Premier roman de Stefan Merrill Block.
Abel vit au Texas, dans un silence amer qui recouvre un passé agité. « J’aurais pu ne jamais composer avec lui, si, au fil des ans, je n’avais commencé à comprendre les opportunités que m’offrait le silence. Il était absolu. Par là il était abominable, mais c’est aussi une chance. En soi, le silence promettait d’absorber ce que je lui confiais : mes illusions, mes regrets, et jusqu’à la vérité. Et pourtant, même si les mots sortent de ma bouche pour tomber dans l’oubli, la vérité fondamentale de ma vie est si simple, l’avouer me fait tellement honte que c’est à peine si j’ose le dire : J’aimais la femme de mon frère. » (p. 12) Paul était marié à la belle Mae et la regardait à peine. Abel, le bossu solitaire de la famille, n’a pas su résister à la belle épouse de son frère jumeau. Et depuis des années maintenant, il attend le retour de leur fille.
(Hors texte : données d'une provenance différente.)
(* Run a given algorithm D delayed by k = \<sigma> global rounds.  Since nobody transmits before
   round \<sigma> + 1, every node v of the delayed execution wakes spontaneously at its tag t_v and can
   reconstruct the history it has in the original execution: there it is woken either by a
   message, which arrives k rounds later in the delayed execution, hence no later than local round k, or
   spontaneously at t_v, which is local round k of the delayed node.  From then on the delayed
   node acts as D on the reconstructed history, so round n + k of the delayed execution mirrors
   round n of the original one, and every node terminates with a history from which its original
   final history, hence its decision, is recovered. *)

fun delayed_history :: "nat \<Rightarrow> 'm hentry list \<Rightarrow> 'm hentry list option" where
  "delayed_history k [] = None"
| "delayed_history k (Msg m # h) = Some (Msg m # h)"
| "delayed_history 0 (x # h) = Some (Sil # h)"
| "delayed_history (Suc k) (x # h) = delayed_history k h"

lemma delayed_history_append_None:
  assumes "delayed_history k h = None"
  shows "delayed_history k (h @ [x]) =
    (case x of Msg m \<Rightarrow> Some [Msg m] | _ \<Rightarrow> if length h = k then Some [Sil] else None)"
  using assms
proof (induction k h rule: delayed_history.induct)
  case (1 k)
  then show ?case by (cases x; cases k) auto
qed (auto split: hentry.split)
lemma excitation_bounds_z:
  assumes t: "t0 \<le> t"
  shows "\<delta> * (z t \<bullet> z t) \<le> (2 + 2 * M\<^sup>2 * T\<^sup>2 * drift_bound) * integral {t..t+T} h"
proof -
  define I where "I = integral {t..t+T} h"
  define D where "D = T * drift_bound * I"
  have t': "0 \<le> t" using t t0 by simp
  have hI: "(h has_integral I) {t..t+T}"
    unfolding I_def by (rule integrable_integral[OF h_integrable[OF t]])
  have bound: "((\<lambda>s. 2 * h s + 2 * M\<^sup>2 * D) has_integral (2 * I + 2 * M\<^sup>2 * D * T)) {t..t+T}"
    using has_integral_add[OF has_integral_mult_right[OF hI, of 2]
        has_integral_const_real[of "2 * M\<^sup>2 * D" t "t+T"]] T
    by (simp add: algebra_simps)
  have "\<delta> * (z t \<bullet> z t) \<le> integral {t..t+T} (\<lambda>s. (\<phi> s \<bullet> z t)\<^sup>2)"
    by (rule excitation_quadratic(2)[OF t'])
  \<comment> \<open>on the window \<open>z\<close> stays within \<open>\<surd>D\<close> of \<open>z t\<close>, so \<open>\<phi>\<^sup>T z t\<close> is controlled by \<open>h\<close>\<close>
  also have "\<dots> \<le> 2 * I + 2 * M\<^sup>2 * D * T"
  proof (rule has_integral_le[OF integrable_integral[OF excitation_quadratic(1)[OF t']] bound])
    fix s assume s: "s \<in> {t..t+T}"
    have "(\<phi> s \<bullet> z t)\<^sup>2 = (\<phi> s \<bullet> z s + \<phi> s \<bullet> (z t - z s))\<^sup>2" by (simp add: inner_diff_right)
    also have "\<dots> \<le> 2 * (\<phi> s \<bullet> z s)\<^sup>2 + 2 * (\<phi> s \<bullet> (z t - z s))\<^sup>2" by (rule square_add_le)
    also have "(\<phi> s \<bullet> z s)\<^sup>2 \<le> h s" unfolding h_def by simp
    also have "(\<phi> s \<bullet> (z t - z s))\<^sup>2 \<le> (\<phi> s \<bullet> \<phi> s) * ((z t - z s) \<bullet> (z t - z s))"
      by (rule Cauchy_Schwarz_ineq)
    also have "\<dots> \<le> M\<^sup>2 * D"
      using inner_\<phi>_le[of s] z_variation_le[OF t s] s t' unfolding D_def I_def
      by (intro mult_mono) auto
    finally show "(\<phi> s \<bullet> z t)\<^sup>2 \<le> 2 * h s + 2 * M\<^sup>2 * D" by simp
  qed
  also have "\<dots> = (2 + 2 * M\<^sup>2 * T\<^sup>2 * drift_bound) * I"
    unfolding D_def by (simp add: power2_eq_square algebra_simps)
  finally show ?thesis unfolding I_def .
qed

lemma V_window_bound:
  assumes t: "t0 \<le> t"
  shows "T * V (t + T) \<le> 2 * T * (z t \<bullet> z t) + (2 * T\<^sup>2 * drift_bound + 1) * integral {t..t+T} h"
proof -
  define I where "I = integral {t..t+T} h"
  define D where "D = T * drift_bound * I"
  have bound: "((\<lambda>s. (2 * (z t \<bullet> z t) + 2 * D) + w s \<bullet> w s) has_integral
      (T * (2 * (z t \<bullet> z t) + 2 * D) + integral {t..t+T} (\<lambda>s. w s \<bullet> w s))) {t..t+T}"
    using has_integral_add[OF has_integral_const_real[of "2 * (z t \<bullet> z t) + 2 * D" t "t+T"]
        integrable_integral[OF w_inner_integrable[OF t]]] T
    by (simp add: algebra_simps)
  have "T * V (t + T) \<le> T * (2 * (z t \<bullet> z t) + 2 * D) + integral {t..t+T} (\<lambda>s. w s \<bullet> w s)"
  proof (rule has_integral_le[OF _ bound])
    show "((\<lambda>s. V (t + T)) has_integral T * V (t + T)) {t..t+T}"
      using has_integral_const_real[of "V (t + T)" t "t+T"] T by simp
    fix s assume s: "s \<in> {t..t+T}"
    have "V (t + T) \<le> V s" using s t by (intro V_antimono) auto
    also have "\<dots> = z s \<bullet> z s + w s \<bullet> w s" by (simp add: V_def)
    also have "z s \<bullet> z s \<le> 2 * (z t \<bullet> z t) + 2 * ((z s - z t) \<bullet> (z s - z t))"
      by (rule inner_self_le_split)
    also have "(z s - z t) \<bullet> (z s - z t) = (z t - z s) \<bullet> (z t - z s)"
      by (simp add: inner_commute inner_diff algebra_simps)
    also have "\<dots> \<le> D" unfolding D_def I_def by (rule z_variation_le[OF t s])
    finally show "V (t + T) \<le> (2 * (z t \<bullet> z t) + 2 * D) + w s \<bullet> w s" by simp
  qed
  also have "integral {t..t+T} (\<lambda>s. w s \<bullet> w s) \<le> I"
    unfolding I_def by (rule integral_le[OF w_inner_integrable[OF t] h_integrable[OF t]]) (simp add: h_def)
  finally show ?thesis
    unfolding D_def I_def by (simp add: power2_eq_square algebra_simps)
qed

lemma V_contraction:
  assumes t: "t0 \<le> t"
  shows "V (t + T) \<le> exp (- contraction_exponent) * V t"
proof -
  define I where "I = integral {t..t+T} h"
  have "2 * T * (z t \<bullet> z t) \<le> 2 * T * ((2 + 2 * M\<^sup>2 * T\<^sup>2 * drift_bound) * I / \<delta>)"
    using excitation_bounds_z[OF t] T \<delta> unfolding I_def
    by (intro mult_left_mono) (simp_all add: pos_le_divide_eq mult.commute)
  then have "T * V (t + T) \<le> window_const * I"
    using V_window_bound[OF t] unfolding window_const_def I_def
    by (simp add: field_simps)
  moreover have "dissipation * I \<le> V t - V (t + T)"
    using V_decrease[of t "t + T"] t T unfolding I_def by simp
  ultimately have "dissipation * (T * V (t + T)) \<le> window_const * (V t - V (t + T))"
    using dissipation_pos window_const_pos
    by (smt (verit) mult_left_mono mult.left_commute)
  then have "V (t + T) * (window_const + dissipation * T) \<le> window_const * V t"
    by (simp add: algebra_simps)
  then show ?thesis
    unfolding exp_minus_contraction_exponent
    using window_const_pos dissipation_pos T by (simp add: pos_le_divide_eq add_pos_pos)
qed

lemma V_equivalent_norm_deviation:
  shows "(norm (x s - (\<theta>s, \<theta>s)))\<^sup>2 \<le> 3 * V s"
    and "V s \<le> 3 * (norm (x s - (\<theta>s, \<theta>s)))\<^sup>2"
proof -
  define u where "u = fst (x s) - \<theta>s"
  have "x s - (\<theta>s, \<theta>s) = (u, z s)" by (simp add: u_def z_def prod_eq_iff)
  then have norm_eq: "(norm (x s - (\<theta>s, \<theta>s)))\<^sup>2 = u \<bullet> u + z s \<bullet> z s"
    by (simp add: power2_norm_eq_inner inner_Pair)
  have V_eq: "V s = z s \<bullet> z s + (u - z s) \<bullet> (u - z s)"
    unfolding V_def u_def z_def w_def by simp
  show "(norm (x s - (\<theta>s, \<theta>s)))\<^sup>2 \<le> 3 * V s"
    unfolding norm_eq V_eq by (rule sum_squares_le_3_times_split(1))
  show "V s \<le> 3 * (norm (x s - (\<theta>s, \<theta>s)))\<^sup>2"
    unfolding norm_eq V_eq by (rule sum_squares_le_3_times_split(2))
qed
(* Let $R$ be a finite Blaschke product and $m\ge1$. Then there exists an isomorphism of Hilbert bimodules over $A=C(\mathbb{T})$, $\Psi:X_R^{\otimes m}\to X_{R^{\circ m}}$, such that $\Psi(\xi_1\otimes\cdots\otimes\xi_m)=\xi_1\,(\xi_2\circ R)\,(\xi_3\circ R^{\circ2})\cdots(\xi_m\circ R^{\circ(m-1)})$ for $\xi_1,\dots,\xi_m\in X_R$.
   Context: A finite Blaschke product is $R(z)=\lambda\prod_{k=1}^n\frac{z-z_k}{1-\overline{z_k}z}$ with $\lambda\in\mathbb{T}$ and $z_k$ in the open unit disk; its iterates are again finite Blaschke products. For a finite Blaschke product $Q$, $X_Q=C(\mathbb{T})$ is the Hilbert bimodule over $A=C(\mathbb{T})$ with $(a\cdot\xi\cdot b)(z)=a(z)\xi(z)b(Q(z))$ and $\langle\xi,\eta\rangle_A(w)=\sum_{z\in Q^{-1}(w)}\frac{1}{|Q'(z)|}\overline{\xi(z)}\eta(z)$. $X_R^{\otimes m}$ denotes the $m$-fold interior tensor product of $X_R$ over $A$ (balanced over the right/left actions). *)

theory Defs
  imports "HOL-Analysis.Analysis"
begin

text \<open>Elements of A = C(T) and of the bimodules X_Q are represented by functions
  complex => complex that are continuous on the unit circle and vanish off it
  (canonical representatives, so HOL equality is equality in C(T)).\<close>

type_synonym cfun = "complex \<Rightarrow> complex"

definition torus :: "complex set" where
  "torus = sphere 0 1"

definition CT :: "cfun set" where
  "CT = {f. continuous_on torus f \<and> (\<forall>z. z \<notin> torus \<longrightarrow> f z = 0)}"

definition fin_blaschke :: "cfun \<Rightarrow> bool" where
  "fin_blaschke R \<longleftrightarrow> (\<exists>lam zs. zs \<noteq> [] \<and> norm lam = 1 \<and> (\<forall>a\<in>set zs. norm a < 1) \<and>
      R = (\<lambda>z. lam * (\<Prod>a\<leftarrow>zs. (z - a) / (1 - cnj a * z))))"

definition lact :: "cfun \<Rightarrow> cfun \<Rightarrow> cfun" where
  "lact a \<xi> = (\<lambda>z. a z * \<xi> z)"

definition ract :: "cfun \<Rightarrow> cfun \<Rightarrow> cfun \<Rightarrow> cfun" where
  "ract Q \<xi> b = (\<lambda>z. \<xi> z * b (Q z))"

definition bm_inner :: "cfun \<Rightarrow> cfun \<Rightarrow> cfun \<Rightarrow> cfun" where
  "bm_inner Q \<xi> \<eta> = (\<lambda>w. if w \<in> torus then
       (\<Sum>z\<in>{z\<in>torus. Q z = w}. cnj (\<xi> z) * \<eta> z / complex_of_real (norm (deriv Q z)))
     else 0)"

text \<open>Interior tensor power X_R^{(m)}: elementary tensors x 0 (x) ... (x) x (m-1)
  are functions nat => cfun (only indices < m matter); the algebraic tensor product
  consists of finite formal sums (lists) of elementary tensors.\<close>

type_synonym etensor = "nat \<Rightarrow> cfun"

fun tin :: "cfun \<Rightarrow> nat \<Rightarrow> etensor \<Rightarrow> etensor \<Rightarrow> cfun" where
  "tin R 0 x y = bm_inner R (x 0) (y 0)"
| "tin R (Suc k) x y = bm_inner R (x (Suc k)) (lact (tin R k x y) (y (Suc k)))"

definition tsums :: "nat \<Rightarrow> etensor list set" where
  "tsums m = {xs. \<forall>x\<in>set xs. \<forall>i<m. x i \<in> CT}"

definition sinner :: "cfun \<Rightarrow> nat \<Rightarrow> etensor list \<Rightarrow> etensor list \<Rightarrow> cfun" where
  "sinner R m xs ys = (\<lambda>w. \<Sum>x\<leftarrow>xs. \<Sum>y\<leftarrow>ys. tin R (m - 1) x y w)"

definition tscale :: "complex \<Rightarrow> etensor list \<Rightarrow> etensor list" where
  "tscale c xs = map (\<lambda>x. x(0 := (\<lambda>z. c * x 0 z))) xs"

definition tdiff :: "etensor list \<Rightarrow> etensor list \<Rightarrow> etensor list" where
  "tdiff xs ys = xs @ tscale (-1) ys"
À des centaines de kilomètres, Seth est un petit garçon perdu entre une mère bizarrement dépressive et un père qui s’efface. « L’ordre fondamental de la famille avait été hélas réglé sur le cerveau malade de ma mère. » (p. 60) Jamie n’est pas dépressive, elle souffre d’Alzheimer familial à début précoce, connue sous le nom EOA-23. Seth, surdoué, décide d’aider sa mère. Il entreprend de dresser l’histoire génétique de sa mère. Il découvre que l’affection dont souffre sa mère ne touche que des personnes cousines au douzième ou treizième degré.
Abel et Seth ne se connaissent pas. Mais ils ont tous les deux entendus la fabuleuse histoire d’Isidora, une ville d’or mythique où la mémoire n’a pas droit de cité. L’histoire raconte que des explorateurs cherchent la ville depuis des siècles. Certains s’en sont approchés. « Ainsi, tu sauras que tu es presque à Isidora quant, te retrouvant dans un vaste champ, tu auras tout à coup l’impression de te tenir au seuil de l’éternité. » (p. 97) L’histoire d’Isidora se transmet à chaque génération et les enfants l’enrichissent à leur tour avant de la transmettre à leur descendance. « Au fil des générations, l’histoire d’Isidora s’est approfondie, étoffée avec des légendes de quêtes chevaleresques, d’épopées historiques, de guerre, d’amours perdues ou retrouvées, l’histoire infinie d’Isidora courant parallèlement à la nôtre. » (p. 145) L’histoire fabuleuse d’Isidora est un lien entre ceux qui peu à peu oublient, frappés par l’EOA-23, et ceux qui tentent de maintenir la mémoire d’un passé glorieux, mais mythique.
Aux récits sur Isidora sont dédiés des chapitres particuliers. Les légendes de la ville d’or s’insinuent entre l’histoire d’Abel et celle de Seth. Un autre récit s’intercale encore, celui des origines de l’EOA-23. Cette forme d’Alzheimer est née quelque part en Angleterre dans les années 1800. Un Lord anglais fort galant a transmis à sa nombreuse progéniture, avant de mourir fou, le gène malade. L’oubli en héritage est un triste cadeau. À tel point que, pour toutes les personnes atteintes de l’EOA-23, il n’y a qu’un espoir, celui d’atteindre « un lieu sans pensée, idéal. Un endroit délivré du passé comme du futur. Un endroit où, ne se souvenant de rien, on ne pouvait rien perdre. Un endroit où, pour cibler ses désirs, il suffisait d’imaginer. » (p. 378)
Ce roman polyphonique ne souffre d’aucun hiatus. Le passage entre les récits de chaque personnage et les histoires mythiques est fluide, logique et célèbre une continuité déjà à l’œuvre dans la transmission de l’histoire d’Isidora. L’EOA-23 est une variante totalement fictive de la maladie d’Alzheimer, mais elle a permis à l’auteur de dessiner une généalogie fabuleuse, essaimée entre l’Angleterre et le Texas. Si le présupposé de l’auteur est inventé, l’émotion ressentie à la lecture est sincère devant tous ces personnages qui perdent pied, soit dans l’oubli, soit devant le recul de leurs proches.
Pour un premier roman, c’est une réussite. La construction du récit est maîtrisée. Les différentes voix narratives s’accordent et se rejoignent pour former un magnifique testament, un rempart contre l’oubli.